A. Pembinaan
Ibadah
Ibadah secara bahasa berarti taat,
tunduk, turut, mengikut dan doa dan disebut juga dengan meyembah Allah Swt.
Soenarjo mendefinikan “ibadah adalah kepatuhan dan ketundukan yang ditimbulkan
oleh perasaaan tentang kebesaran Allah Swt, sebagai tuhan yang disembah karena
keyakinan bahwa Allah mempunyai kekuasaan yang mutlak terhadapnya”.[1] Ibadah adalah
pola dan tataracara hubungan manusia dengan Allah Swt semata, yang dalam bahasa
agama dikenal dengan sebutan ibadah mahdah atau ibadah murni. Ibadah bentuk ini
mengambil bentuk vertikal (tegak lurus dari bawah ke atas).
Menurut Amin Abdullah ibadah mahdah
dapat didefinisikan, “mahdah merupakan aspek normativitas (wahyu), yang lebih
menekankan aspek legalitas formalitas ekternal”.[2] Dalam ibadah
mahdah berlaku autentitas artinya tidak boleh ditambah atau dikurangi, karena
ketentuaannya telah diatur oleh Allah sediri dan dijelaskan secara rinci oleh
Rasul-Nya. Misalnya seperti ketentuan shalat dhuhur yaitu diwajibkan setiap
orang mukmin mengerjakan empat rakaat, tidak boleh diubah menjadi tiga rakaat
atau dua rakaat, kecuali ada ketentuan lain misalnya qasar, maka shalat dhuhur
yang tadinya empat biasa menjadi dua rakaat. Shalat subuh dua rakaat tidak
boleh diubah menjadi tidak rakaat atau empat rakaat, karena sifatnya tertutup
dalam ibadah mahdah berlaku umum yakni semua perbuatan ibadah dilarang
melakukan kecuali perbuatan yang dengan tegas diperintahkan oleh Allah dan Rasul-Nya.

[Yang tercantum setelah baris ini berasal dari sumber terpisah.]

lemma nn_integral_lists_diagonal:
  fixes \<Psi> \<phi> :: "'a::countable \<Rightarrow> ennreal"
  assumes ab: "a < h" "b < h" "a \<noteq> b"
  shows "(\<integral>\<^sup>+xs. of_bool (xs ! a = xs ! b) * \<Psi> (xs ! a) * (\<Prod>i\<in>{..<h} - {a, b}. \<phi> (xs ! i))
            \<partial>count_space {xs. length xs = h})
       = (\<integral>\<^sup>+x. \<Psi> x \<partial>count_space UNIV) * (\<integral>\<^sup>+x. \<phi> x \<partial>count_space UNIV) ^ (h - 2)"
proof -
  define e where "e w i = (if i = a \<or> i = b then indicator {w} else \<phi>)" for w i
  have "(\<integral>\<^sup>+xs. of_bool (xs ! a = xs ! b) * \<Psi> (xs ! a) * (\<Prod>i\<in>{..<h} - {a, b}. \<phi> (xs ! i))
            \<partial>count_space {xs. length xs = h})
      = (\<integral>\<^sup>+w. \<integral>\<^sup>+xs. \<Psi> w * (\<Prod>i<h. e w i (xs ! i)) \<partial>count_space {xs. length xs = h} \<partial>count_space UNIV)"
    unfolding diagonal_eq_nn_integral_prod[OF ab] e_def
    by (rule nn_integral_count_space_nn_integral) auto
  also have "\<dots> = (\<integral>\<^sup>+w. \<Psi> w * (\<Prod>i<h. \<integral>\<^sup>+x. e w i x \<partial>count_space UNIV) \<partial>count_space UNIV)"
    by (simp add: nn_integral_cmult nn_integral_lists_prod)
  also have "\<dots> = (\<integral>\<^sup>+w. \<Psi> w * (\<integral>\<^sup>+x. \<phi> x \<partial>count_space UNIV) ^ (h - 2) \<partial>count_space UNIV)"
  proof (intro nn_integral_cong arg_cong[where f = "(*) _"])
    fix w
    have "(\<Prod>i<h. \<integral>\<^sup>+x. e w i x \<partial>count_space UNIV) = (\<Prod>i\<in>{..<h} - {a, b}. \<integral>\<^sup>+x. \<phi> x \<partial>count_space UNIV)"
      by (simp add: prod_remove_two[OF ab] e_def)
    also have "\<dots> = (\<integral>\<^sup>+x. \<phi> x \<partial>count_space UNIV) ^ (h - 2)"
      using ab by (simp add: card_Diff_subset numeral_2_eq_2)
    finally show "(\<Prod>i<h. \<integral>\<^sup>+x. e w i x \<partial>count_space UNIV) = (\<integral>\<^sup>+x. \<phi> x \<partial>count_space UNIV) ^ (h - 2)" .
  qed
  also have "\<dots> = (\<integral>\<^sup>+x. \<Psi> x \<partial>count_space UNIV) * (\<integral>\<^sup>+x. \<phi> x \<partial>count_space UNIV) ^ (h - 2)"
    by (simp add: nn_integral_multc)
  finally show ?thesis .
qed
lemma has_spider_if_long_path_from_high_degree_vertex:
  assumes "sym E" "irrefl E" "E \<subseteq> V \<times> V" "r \<ge> 1"
    and deg: "card {u. (v, u) \<in> E} \<ge> 4"
    and path: "graph_path V E (v # qs)" "length qs \<ge> r * (r + 2)"
  shows "has_subgraph (spider_V 1 1 1 r) (spider_E 1 1 1 r) V E"
proof -
  define N where "N = {u. (v, u) \<in> E}"
  have "v \<notin> N"
    using \<open>irrefl E\<close> unfolding N_def irrefl_def by auto
  have "finite N"
    using deg unfolding N_def[symmetric] by (metis card.infinite not_numeral_le_zero)
  have qs: "distinct qs" "v \<notin> set qs" "v \<in> V"
    using path(1) unfolding graph_path_def by (auto simp: successively_Cons)
  have "r \<le> r * (r + 2)"
    by simp
  then have "r \<le> length qs"
    using path(2) by linarith
  then have "qs \<noteq> []"
    using \<open>r \<ge> 1\<close> by auto
  consider "card (N \<inter> set qs) \<ge> r + 3" | "card (N \<inter> set qs) \<le> r + 2"
    by linarith
  then show ?thesis
  proof cases
    case 1
    define arm where "arm = take r qs"
    have arm: "graph_path V E (v # arm)" "length arm = r"
      using graph_path_take[OF path(1), of "Suc r"] \<open>r \<le> length qs\<close> unfolding arm_def by auto
    have "card (N \<inter> set arm) \<le> card (set arm)"
      by (simp add: card_mono)
    then have "card (N \<inter> set arm) \<le> r"
      using card_length[of arm] arm(2) by linarith
    then have "3 \<le> card (N \<inter> set qs - N \<inter> set arm)"
      using 1 diff_card_le_card_Diff[of "N \<inter> set arm" "N \<inter> set qs"] by simp
    also have "\<dots> \<le> card (N - set (v # arm))"
      using \<open>finite N\<close> \<open>v \<notin> N\<close> by (intro card_mono) auto
    finally show ?thesis
      using has_spider_if_arm_and_three_legs[OF assms(1,3,4) arm] unfolding N_def by simp
  next
    case 2
    have "hd qs \<in> N"
      using path(1) \<open>qs \<noteq> []\<close> unfolding N_def graph_path_def by (cases qs) auto
    moreover have "r * card (N \<inter> set qs) \<le> r * (r + 2)"
      using 2 by (rule mult_le_mono2)
    then have "r * card (N \<inter> set qs) \<le> length qs"
      using path(2) by linarith
    ultimately obtain t where t: "hd (drop t qs) \<in> N" "r \<le> length (drop t qs)"
      "N \<inter> set (take r (drop t qs)) = {hd (drop t qs)}"
      using isolated_occurrence_window[OF qs(1) \<open>qs \<noteq> []\<close> _ \<open>r \<ge> 1\<close>] by blast
    define arm where "arm = take r (drop t qs)"
    have "arm \<noteq> []" "hd arm = hd (drop t qs)"
      using t(2) \<open>r \<ge> 1\<close> unfolding arm_def by auto
    then have "graph_path V E (v # arm)"
      using graph_path_take[OF graph_path_drop[OF path(1)], of r "Suc t"] t(1) qs(2,3)
      unfolding arm_def N_def graph_path_def
      by (auto simp: successively_Cons dest: in_set_takeD in_set_dropD)
    moreover have "length arm = r"
      using t(2) unfolding arm_def by simp
    moreover have "N - set (v # arm) = N - {hd (drop t qs)}"
      using t(3) \<open>v \<notin> N\<close> unfolding arm_def by auto
    then have "3 \<le> card (N - set (v # arm))"
      using deg t(1) \<open>finite N\<close> unfolding N_def[symmetric] by (simp add: card_Diff_singleton)
    ultimately show ?thesis
      using has_spider_if_arm_and_three_legs[OF assms(1,3,4)] unfolding N_def by blast
  qed
qed
text \<open>Averaging the exchange inequality over the bin of each unobserved index turns the
  uncovered probabilities into their pro_weight-average.\<close>
lemma sum_measure_uncovered_le:
  assumes J: "J \<subseteq> {..<n}" and N0: "0 < Nzero J a"
  shows "(\<Sum>i\<in>{i\<in>J. \<not> a i}. measure sample_law (uncovered_event J b a i))
    \<le> (1 + eps) * real (Nzero J a) * (\<Sum>q\<in>J. pro_weight J b a q * measure sample_law (uncovered_event J b a q))"
proof -
  let ?P = "\<lambda>q. measure sample_law (uncovered_event J b a q)"
  have fin: "finite J" using J finite_subset by blast
  have "?P i \<le> (1 + eps) * ((\<Sum>q\<in>{q\<in>J. b q = b i}. ?P q) / real (Nbin J b (b i)))"
    if i: "i \<in> J" "\<not> a i" for i
  proof -
    have "real (Nbin J b (b i)) * ?P i = (\<Sum>q\<in>{q\<in>J. b q = b i}. ?P i)" unfolding Nbin_def by simp
    also have "\<dots> \<le> (\<Sum>q\<in>{q\<in>J. b q = b i}. (1 + eps) * ?P q)"
      using i J by (intro sum_mono measure_uncovered_exchange_le) auto
    finally show ?thesis using Nbin_pos[OF fin i(1), of b] by (simp add: field_simps sum_distrib_left)
  qed
  then have "(\<Sum>i\<in>{i\<in>J. \<not> a i}. ?P i)
      \<le> (\<Sum>i\<in>{i\<in>J. \<not> a i}. (1 + eps) * ((\<Sum>q\<in>{q\<in>J. b q = b i}. ?P q) / real (Nbin J b (b i))))"
    by (intro sum_mono) auto
  also have "\<dots> = (1 + eps) * (\<Sum>q\<in>J. real (Nbin0 J b a (b q)) * ?P q / real (Nbin J b (b q)))"
    unfolding sum_bin_averages_over_unobserved[OF fin, symmetric] sum_distrib_left ..
  also have "(\<Sum>q\<in>J. real (Nbin0 J b a (b q)) * ?P q / real (Nbin J b (b q)))
      = real (Nzero J a) * (\<Sum>q\<in>J. pro_weight J b a q * ?P q)"
    unfolding sum_distrib_left pro_weight_def using N0 by (intro sum.cong refl) (simp add: field_simps)
  finally show ?thesis by (simp add: mult.assoc)
qed

text \<open>On every sample, the indices lying strictly above the oracle quantile carry pro_weight at most alpha.\<close>
lemma sum_pro_weight_measure_uncovered_le:
  assumes J: "finite J" and N0: "0 < Nzero J a" and n: "0 < n"
  shows "(\<Sum>q\<in>J. pro_weight J b a q * measure sample_law (uncovered_event J b a q))
    \<le> alpha * measure sample_law (pattern_event b a)"
proof -
  interpret sample_law: prob_space sample_law by (rule prob_space_sample_law[OF n])
  have int_unc: "integrable sample_law (indicator (uncovered_event J b a q) :: _ \<Rightarrow> real)" for q
    by (intro integrable_real_indicator) (auto simp: sample_law.emeasure_eq_measure)
  have int_pat: "integrable sample_law (indicator (pattern_event b a) :: _ \<Rightarrow> real)"
    by (intro integrable_real_indicator) (auto simp: sample_law.emeasure_eq_measure)
  have bound: "(\<Sum>q\<in>J. pro_weight J b a q * indicator (uncovered_event J b a q) d) \<le> alpha * indicator (pattern_event b a) d"
    if d: "d \<in> space sample_law" for d
  proof (cases "has_pattern b a d")
    case True
    have "(\<Sum>q\<in>J. pro_weight J b a q * indicator (uncovered_event J b a q) d)
       = (\<Sum>q\<in>J. if 1 - alpha \<le> (\<Sum>q'\<in>J. if sample_score d q' < sample_score d q then pro_weight J b a q' else 0)
            then pro_weight J b a q else 0)"
      using d True by (intro sum.cong refl) (auto simp: indicator_def oracle_uncovered_def uncovered_event_def)
    also have "\<dots> \<le> 1 - (1 - alpha)"
      using sum_pro_weight[OF J N0] alpha
      by (intro sum_weight_of_high_ranks_le[OF J pro_weight_nonneg]) auto
    finally show ?thesis using d True by (simp add: pattern_event_def)
  next
    case False
    then show ?thesis using alpha by (simp add: pattern_event_def uncovered_event_def indicator_def)
  qed
  have "(\<Sum>q\<in>J. pro_weight J b a q * measure sample_law (uncovered_event J b a q))
      = (\<integral>d. (\<Sum>q\<in>J. pro_weight J b a q * indicator (uncovered_event J b a q) d) \<partial>sample_law)"
    using int_unc by (subst Bochner_Integration.integral_sum) auto
  also have "\<dots> \<le> (\<integral>d. alpha * indicator (pattern_event b a) d \<partial>sample_law)"
    using int_unc int_pat bound by (intro Bochner_Integration.integral_mono) auto
  also have "\<dots> = alpha * measure sample_law (pattern_event b a)"
    by simp
  finally show ?thesis .
qed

Kalau dihubungkan dengan lima kaidah (al-ahkam
al-khamsah) kaidah asal ibadah adalah haram atau larangan, artinya segala
sesuatu atau yang berada dalam ruang lingkup ibadah khususnya ibadah kepada
Allah Swt sebagaimana dicontohkan Rasulnya. Dengan demikian “tidak mungkin ada
pembaharuan (tajdid, modernisasi) dalam ibadah yakni proses pembaharuan
dan perombakan mengenai susunan, cara dan tatacara ibadah, yang mungkin ada
halnya penggunaaan alat-alat modern dalam pelaksanaannya”.[3] Campur tangan
akal pikiran manusia sama sekali tidak dibenarkan, lain halnya dengan
mu'amalah, kaidah asalnya adalah ibahah atau mubah, jaiz, pembolehan, sepanjang
yang dilakukan tidak bertentangan dengan prinsip-prinsip dasar Islam. “Jadi prinsip ibadah mahdah sudah ditegaskan
dan tercakup secara terinci dengan pedoman yang jelas dan tegas dalam Alquran
serta aplikasi praktisnya disebutkan dalam sunnah Rasullullah”.[4]
[1]Soenarjo, dkk, Al-Qur'an dalam Kehidupan Manusia, (Semarang: Toha
Putra, 1989), hal. 6.
[2]M. Amin Abdullah, Filsafat Kalam di Era Postmodernisme, (Yogyakarta:
Pustaka Pelajar, 1995), hal. 21.
[3]Soenarjo, dkk, Al-Qur'an dalam … hal. 11.